lemma lift_hom_inj:
  assumes \<phi>: "\<phi> \<in> Hom F G" and g: "g \<in> labellings F G q n \<phi>"
    and \<phi>': "\<phi>' \<in> Hom F G" and g': "g' \<in> labellings F G q n \<phi>'"
    and eq: "lift_hom F G \<phi> g = lift_hom F G \<phi>' g'"
  shows "\<phi> = \<phi>'" and "g = g'"
proof -
  show same_base: "\<phi> = \<phi>'"
  proof (rule extensionalityI)
    show "\<phi> \<in> extensional (verts F)" "\<phi>' \<in> extensional (verts F)"
      using \<phi> \<phi>' by (auto simp: Hom_def PiE_iff)
    show "\<phi> v = \<phi>' v" if "v \<in> verts F" for v
      using fun_cong[OF eq, of v] that by (simp add: lift_hom_def)
  qed
  show "g = g'"
  proof (rule extensionalityI)
    show "g \<in> extensional (Pow (verts G))" "g' \<in> extensional (Pow (verts G))"
      using g g' by (simp_all add: labellings_def PiE_iff)
  next
    fix A assume A: "A \<in> Pow (verts G)"
    let ?B = "vertex_preimage F \<phi> A"
    show "g A = g' A"
    proof (rule extensionalityI)
      show "g A \<in> extensional (components F ?B)" "g' A \<in> extensional (components F ?B)"
        using g g' A same_base by (simp_all add: labellings_def PiE_iff)
    next
      fix c assume c: "c \<in> components F ?B"
      then obtain v where v: "v \<in> ?B" "c = conn F ?B `` {v}" by (rule component_cases)
      have "snd (lift_hom F G \<phi> g v) A = snd (lift_hom F G \<phi>' g' v) A" using eq by simp
      then show "g A c = g' A c" using v A same_base by (simp add: lift_hom_def vertex_preimage_def)
    qed
  qed
qed

(* A homomorphism into T_n has constant level at A along every component of F restricted to
   the preimage of A: an edge of T_n between vertices over A keeps the level at A. *)
lemma Tn_level_const_on_components:
  assumes G: "is_graph G" and \<psi>: "\<psi> \<in> Hom F (Tn G q n)" and A: "A \<subseteq> verts G"
    and uw: "(u, w) \<in> conn F (vertex_preimage F (base_hom F \<psi>) A)"
  shows "snd (\<psi> u) A = snd (\<psi> w) A"
  using uw unfolding conn_def
proof (induction rule: rtrancl_induct)
  case (step y z)
  have edge_keeps_level: "snd (\<psi> a) A = snd (\<psi> b) A"
    if "(a, b) \<in> edges F" "fst (\<psi> a) \<in> A" "fst (\<psi> b) \<in> A" for a b
  proof -
    have "(\<psi> a, \<psi> b) \<in> edges (Tn G q n)" using \<psi> that(1) by (auto simp: Hom_def)
    then show ?thesis
      using that A by (cases "\<psi> a"; cases "\<psi> b") (simp add: mem_edges_Tn[OF G])
  qed
  from step(2) have "(y, z) \<in> edges F \<or> (z, y) \<in> edges F"
    and "fst (\<psi> y) \<in> A" "fst (\<psi> z) \<in> A"
    by (auto simp: induced_def edges_def vertex_preimage_def base_hom_def)
  then have "snd (\<psi> y) A = snd (\<psi> z) A" using edge_keeps_level by metis
  with step.IH show ?case by simp
qed simp

lemma base_hom_in_Hom:
  assumes F: "is_graph F" and G: "is_graph G" and \<psi>: "\<psi> \<in> Hom F (Tn G q n)"
  shows "base_hom F \<psi> \<in> Hom F G"
proof -
  have "(fst (\<psi> u), fst (\<psi> v)) \<in> edges G" if "(u, v) \<in> edges F" for u v
  proof -
    have "(\<psi> u, \<psi> v) \<in> edges (Tn G q n)" using \<psi> that by (auto simp: Hom_def)
    then show ?thesis by (cases "\<psi> u"; cases "\<psi> v") (simp add: mem_edges_Tn[OF G])
  qed
  moreover have "u \<in> verts F" "v \<in> verts F" if "(u, v) \<in> edges F" for u v
    using F that by (auto simp: is_graph_def)
  ultimately show ?thesis
    using Hom_Tn_vertex(1)[OF \<psi>] by (auto simp: Hom_def base_hom_def)
qed

lemma labelling_of_in_labellings:
  assumes \<psi>: "\<psi> \<in> Hom F (Tn G q n)"
  shows "labelling_of F G \<psi> \<in> labellings F G q n (base_hom F \<psi>)"
proof -
  have "snd (\<psi> (SOME v. v \<in> c)) A \<in> levels (real n powr q A)"
    if A: "A \<subseteq> verts G" and c: "c \<in> components F (vertex_preimage F (base_hom F \<psi>) A)" for A c
  proof -
    let ?v = "SOME v. v \<in> c"
    have "?v \<in> vertex_preimage F (base_hom F \<psi>) A"
      using component_subset[OF c] component_some_member[OF c] ..
    then have "?v \<in> verts F" "fst (\<psi> ?v) \<in> A" by (auto simp: vertex_preimage_def base_hom_def)
    then show ?thesis using Hom_Tn_vertex(2)[OF \<psi>] A by (simp add: levels_def)
  qed
  then show ?thesis unfolding labellings_def labelling_of_def by auto
qed

(* Reassembling \<psi> from its projection and its labelling gives back \<psi>; this is where the
   constancy of levels on components is needed. *)
lemma lift_hom_labelling_of:
  assumes G: "is_graph G" and \<psi>: "\<psi> \<in> Hom F (Tn G q n)"
  shows "lift_hom F G (base_hom F \<psi>) (labelling_of F G \<psi>) = \<psi>"
proof (rule extensionalityI)
  show "lift_hom F G (base_hom F \<psi>) (labelling_of F G \<psi>) \<in> extensional (verts F)"
    by (simp add: lift_hom_def)
  show "\<psi> \<in> extensional (verts F)" using \<psi> by (simp add: Hom_def PiE_iff)
next
  fix v assume v: "v \<in> verts F"
  let ?\<phi> = "base_hom F \<psi>"
  have "snd (lift_hom F G ?\<phi> (labelling_of F G \<psi>) v) A = snd (\<psi> v) A" for A
  proof (cases "A \<subseteq> verts G \<and> fst (\<psi> v) \<in> A")
    case True
    let ?c = "conn F (vertex_preimage F ?\<phi> A) `` {v}"
    have c: "?c \<in> components F (vertex_preimage F ?\<phi> A)"
      using v True by (intro component_of_vertex) (simp add: vertex_preimage_def base_hom_def)
    have "(v, SOME w. w \<in> ?c) \<in> conn F (vertex_preimage F ?\<phi> A)"
      using component_some_member[OF c] by simp
    then have "snd (\<psi> v) A = snd (\<psi> (SOME w. w \<in> ?c)) A"
      using True by (intro Tn_level_const_on_components[OF G \<psi>]) auto
    then show ?thesis
      using v True c by (simp add: lift_hom_def base_hom_def labelling_of_def)
  next
    case False
    then show ?thesis
      using v Hom_Tn_vertex(3)[OF \<psi> v False] by (auto simp: lift_hom_def base_hom_def)
  qed
  moreover have "fst (lift_hom F G ?\<phi> (labelling_of F G \<psi>) v) = fst (\<psi> v)"
    using v by (simp add: lift_hom_def base_hom_def)
  ultimately show "lift_hom F G ?\<phi> (labelling_of F G \<psi>) v = \<psi> v"
    by (simp add: prod_eq_iff fun_eq_iff)
qed

lemma bij_betw_lift_hom:
  assumes F: "is_graph F" and G: "is_graph G"
  shows "bij_betw (\<lambda>(\<phi>, g). lift_hom F G \<phi> g) (SIGMA \<phi>:Hom F G. labellings F G q n \<phi>)
           (Hom F (Tn G q n))"
proof (rule bij_betw_byWitness[where f' = "\<lambda>\<psi>. (base_hom F \<psi>, labelling_of F G \<psi>)"])
  show "\<forall>x \<in> (SIGMA \<phi>:Hom F G. labellings F G q n \<phi>).
          (base_hom F (case x of (\<phi>, g) \<Rightarrow> lift_hom F G \<phi> g),
           labelling_of F G (case x of (\<phi>, g) \<Rightarrow> lift_hom F G \<phi> g)) = x"
  proof safe
    fix \<phi> g assume \<phi>: "\<phi> \<in> Hom F G" and g: "g \<in> labellings F G q n \<phi>"
    let ?\<psi> = "lift_hom F G \<phi> g"
    have \<psi>: "?\<psi> \<in> Hom F (Tn G q n)" by (rule lift_hom_in_Hom[OF F G \<phi> g])
    have "lift_hom F G (base_hom F ?\<psi>) (labelling_of F G ?\<psi>) = ?\<psi>"
      by (rule lift_hom_labelling_of[OF G \<psi>])
    then show "base_hom F ?\<psi> = \<phi>" "labelling_of F G ?\<psi> = g"
      using lift_hom_inj[OF base_hom_in_Hom[OF F G \<psi>] labelling_of_in_labellings[OF \<psi>] \<phi> g]
      by simp_all
  qed
qed (auto simp: lift_hom_labelling_of lift_hom_in_Hom base_hom_in_Hom labelling_of_in_labellings F G)

lemma hom_Tn_eq:
  assumes F: "is_graph F" and G: "is_graph G"
  shows "hom F (Tn G q n) = (\<Sum>\<phi> \<in> Hom F G.
           \<Prod>A \<in> Pow (verts G). nat \<lceil>real n powr q A\<rceil> ^ CC (induced F (vertex_preimage F \<phi> A)))"
proof -
  have "hom F (Tn G q n) = card (SIGMA \<phi>:Hom F G. labellings F G q n \<phi>)"
    unfolding hom_def using bij_betw_same_card[OF bij_betw_lift_hom[OF F G]] by simp
  also have "\<dots> = (\<Sum>\<phi> \<in> Hom F G. card (labellings F G q n \<phi>))"
    by (simp add: finite_Hom[OF F G] finite_labellings[OF F G])
  finally show ?thesis by (simp add: card_labellings[OF F G])
qed

section \<open>Estimates\<close>

lemma ceiling_bounds:
  fixes x :: real
  assumes "x \<ge> 1"
  shows "x \<le> real (nat \<lceil>x\<rceil>)" and "real (nat \<lceil>x\<rceil>) \<le> 2 * x"
proof -
  have "real (nat \<lceil>x\<rceil>) = of_int \<lceil>x\<rceil>" using assms by simp
  moreover have "x \<le> of_int \<lceil>x\<rceil>" "of_int \<lceil>x\<rceil> - 1 < x" by (simp_all add: ceiling_correct)
  ultimately show "x \<le> real (nat \<lceil>x\<rceil>)" "real (nat \<lceil>x\<rceil>) \<le> 2 * x" using assms by linarith+
qed

lemma prod_ceiling_powr_bounds:
  fixes q :: "'i \<Rightarrow> real" and k :: "'i \<Rightarrow> nat" and n :: nat
  assumes n: "n \<ge> 1" and q: "\<And>i. i \<in> I \<Longrightarrow> q i \<ge> 0"
  defines "P \<equiv> real (\<Prod>i \<in> I. nat \<lceil>real n powr q i\<rceil> ^ k i)"
  shows "real n powr (\<Sum>i \<in> I. q i * real (k i)) \<le> P"
    and "P \<le> 2 ^ (\<Sum>i \<in> I. k i) * real n powr (\<Sum>i \<in> I. q i * real (k i))"
proof -
  let ?x = "\<lambda>i. real n powr q i"
  have x_ge_1: "?x i \<ge> 1" if "i \<in> I" for i using n q[OF that] by (simp add: ge_one_powr_ge_zero)
  have "real n powr (\<Sum>i \<in> I. q i * real (k i)) = (\<Prod>i \<in> I. real n powr (q i * real (k i)))"
    using n by (intro powr_sum) simp
  also have "\<dots> = (\<Prod>i \<in> I. ?x i ^ k i)"
    using n by (intro prod.cong refl) (simp add: powr_power mult.commute)
  finally have powr_eq: "real n powr (\<Sum>i \<in> I. q i * real (k i)) = (\<Prod>i \<in> I. ?x i ^ k i)" .
  have P_eq: "P = (\<Prod>i \<in> I. real (nat \<lceil>?x i\<rceil>) ^ k i)" by (simp add: P_def)
  have factor_bounds:
    "0 \<le> ?x i ^ k i \<and> ?x i ^ k i \<le> real (nat \<lceil>?x i\<rceil>) ^ k i"
    "0 \<le> real (nat \<lceil>?x i\<rceil>) ^ k i \<and> real (nat \<lceil>?x i\<rceil>) ^ k i \<le> (2 * ?x i) ^ k i"
    if i: "i \<in> I" for i
  proof -
    have x_nonneg: "0 \<le> ?x i" by simp
    have ceil_nonneg: "0 \<le> real (nat \<lceil>?x i\<rceil>)" by (rule of_nat_0_le_iff)
    note ceiling = ceiling_bounds[OF x_ge_1[OF i]]
    show "0 \<le> ?x i ^ k i \<and> ?x i ^ k i \<le> real (nat \<lceil>?x i\<rceil>) ^ k i"
      by (intro conjI zero_le_power power_mono x_nonneg ceiling(1))
    show "0 \<le> real (nat \<lceil>?x i\<rceil>) ^ k i \<and> real (nat \<lceil>?x i\<rceil>) ^ k i \<le> (2 * ?x i) ^ k i"
      by (intro conjI zero_le_power power_mono ceil_nonneg ceiling(2))
  qed
  show "real n powr (\<Sum>i \<in> I. q i * real (k i)) \<le> P"
    unfolding powr_eq P_eq using factor_bounds(1) by (rule prod_mono)
  have "P \<le> (\<Prod>i \<in> I. (2 * ?x i) ^ k i)"
    unfolding P_eq using factor_bounds(2) by (rule prod_mono)
  also have "\<dots> = 2 ^ (\<Sum>i \<in> I. k i) * (\<Prod>i \<in> I. ?x i ^ k i)"
    by (simp add: power_mult_distrib prod.distrib power_sum)
  finally show "P \<le> 2 ^ (\<Sum>i \<in> I. k i) * real n powr (\<Sum>i \<in> I. q i * real (k i))"
    unfolding powr_eq .
qed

Exercise aim:
Pull every line with the word "auto" from the data.

Output of the task:
      using \<phi> \<phi>' by (auto simp: Hom_def PiE_iff)
    have "(\<psi> a, \<psi> b) \<in> edges (Tn G q n)" using \<psi> that(1) by (auto simp: Hom_def)
    by (auto simp: induced_def edges_def vertex_preimage_def base_hom_def)
    have "(\<psi> u, \<psi> v) \<in> edges (Tn G q n)" using \<psi> that by (auto simp: Hom_def)
    using F that by (auto simp: is_graph_def)
    using Hom_Tn_vertex(1)[OF \<psi>] by (auto simp: Hom_def base_hom_def)
    then have "?v \<in> verts F" "fst (\<psi> ?v) \<in> A" by (auto simp: vertex_preimage_def base_hom_def)
  then show ?thesis unfolding labellings_def labelling_of_def by auto
      using True by (intro Tn_level_const_on_components[OF G \<psi>]) auto
      using v Hom_Tn_vertex(3)[OF \<psi> v False] by (auto simp: lift_hom_def base_hom_def)
qed (auto simp: lift_hom_labelling_of lift_hom_in_Hom base_hom_in_Hom labelling_of_in_labellings F G)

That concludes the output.